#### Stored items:
lemma has_separating_twist_Un:
  assumes tw1: "has_separating_twist U1 f" and tw2: "has_separating_twist U2 f"
    and cl1: "\<forall>a\<in>U1. f a \<in> U1" and cl2: "\<forall>a\<in>U2. f a \<in> U2" and disj: "U1 \<inter> U2 = {}"
  shows "has_separating_twist (U1 \<union> U2) f"
proof -
  obtain B1 :: "nat set" and gB1 and C1 :: "nat set" and gC1 and h1 where
    B1: "is_fds B1 gB1" and C1: "is_fds C1 gC1" and h1: "twist U1 f B1 gB1 C1 gC1 h1"
    and ne1: "fixpoint_count B1 gB1 \<noteq> fixpoint_count C1 gC1"
    using tw1 unfolding has_separating_twist_def by blast
  obtain B2 :: "nat set" and gB2 and C2 :: "nat set" and gC2 and h2 where
    B2: "is_fds B2 gB2" and C2: "is_fds C2 gC2" and h2: "twist U2 f B2 gB2 C2 gC2 h2"
    and ne2: "fixpoint_count B2 gB2 \<noteq> fixpoint_count C2 gC2"
    using tw2 unfolding has_separating_twist_def by blast
  let ?B = "B1 \<times> B2 <+> C1 \<times> C2"
  let ?gB = "map_sum (map_prod gB1 gB2) (map_prod gC1 gC2)"
  let ?C = "B1 \<times> C2 <+> C1 \<times> B2"
  let ?gC = "map_sum (map_prod gB1 gC2) (map_prod gC1 gB2)"
  have h1_inv: "twist U1 f C1 gC1 B1 gB1 (\<lambda>a. inv_into B1 (h1 a))"
    using twist_inv[OF h1 cl1] B1 by (simp add: is_fds_def)
  have h2_inv: "twist U2 f C2 gC2 B2 gB2 (\<lambda>a. inv_into B2 (h2 a))"
    using twist_inv[OF h2 cl2] B2 by (simp add: is_fds_def)
  \<comment> \<open>Over U1, h1 maps B1 B2 to C1 B2 and C1 C2 to B1 C2, so the summands must be swapped.\<close>
  note k1 = twist_comp[OF twist_sum[OF twist_prod_right[OF h1] twist_prod_right[OF h1_inv]] twist_sum_swap]
  note k2 = twist_sum[OF twist_prod_left[OF h2] twist_prod_left[OF h2_inv]]
  have "fixpoint_count ?B ?gB \<noteq> fixpoint_count ?C ?gC"
    using B1 C1 B2 C2 add_mult_cross_neq[OF ne1 ne2]
    by (simp add: fixpoint_count_sum fixpoint_count_prod is_fds_def)
  then show ?thesis
    using has_separating_twistI[OF is_fds_sum[OF is_fds_prod[OF B1 B2] is_fds_prod[OF C1 C2]]
        is_fds_sum[OF is_fds_prod[OF B1 C2] is_fds_prod[OF C1 B2]] twist_Un[OF k1 k2 cl1 cl2 disj]]
    by blast
qed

#### Problem details:
Return, with no change at all, every line in the entries above from the line containing "(U1 \<union> U2)" through the line containing "B2 gB2 \<noteq>".

#### Response to this exercise:
  shows "has_separating_twist (U1 \<union> U2) f"
proof -
  obtain B1 :: "nat set" and gB1 and C1 :: "nat set" and gC1 and h1 where
    B1: "is_fds B1 gB1" and C1: "is_fds C1 gC1" and h1: "twist U1 f B1 gB1 C1 gC1 h1"
    and ne1: "fixpoint_count B1 gB1 \<noteq> fixpoint_count C1 gC1"
    using tw1 unfolding has_separating_twist_def by blast
  obtain B2 :: "nat set" and gB2 and C2 :: "nat set" and gC2 and h2 where
    B2: "is_fds B2 gB2" and C2: "is_fds C2 gC2" and h2: "twist U2 f B2 gB2 C2 gC2 h2"
    and ne2: "fixpoint_count B2 gB2 \<noteq> fixpoint_count C2 gC2"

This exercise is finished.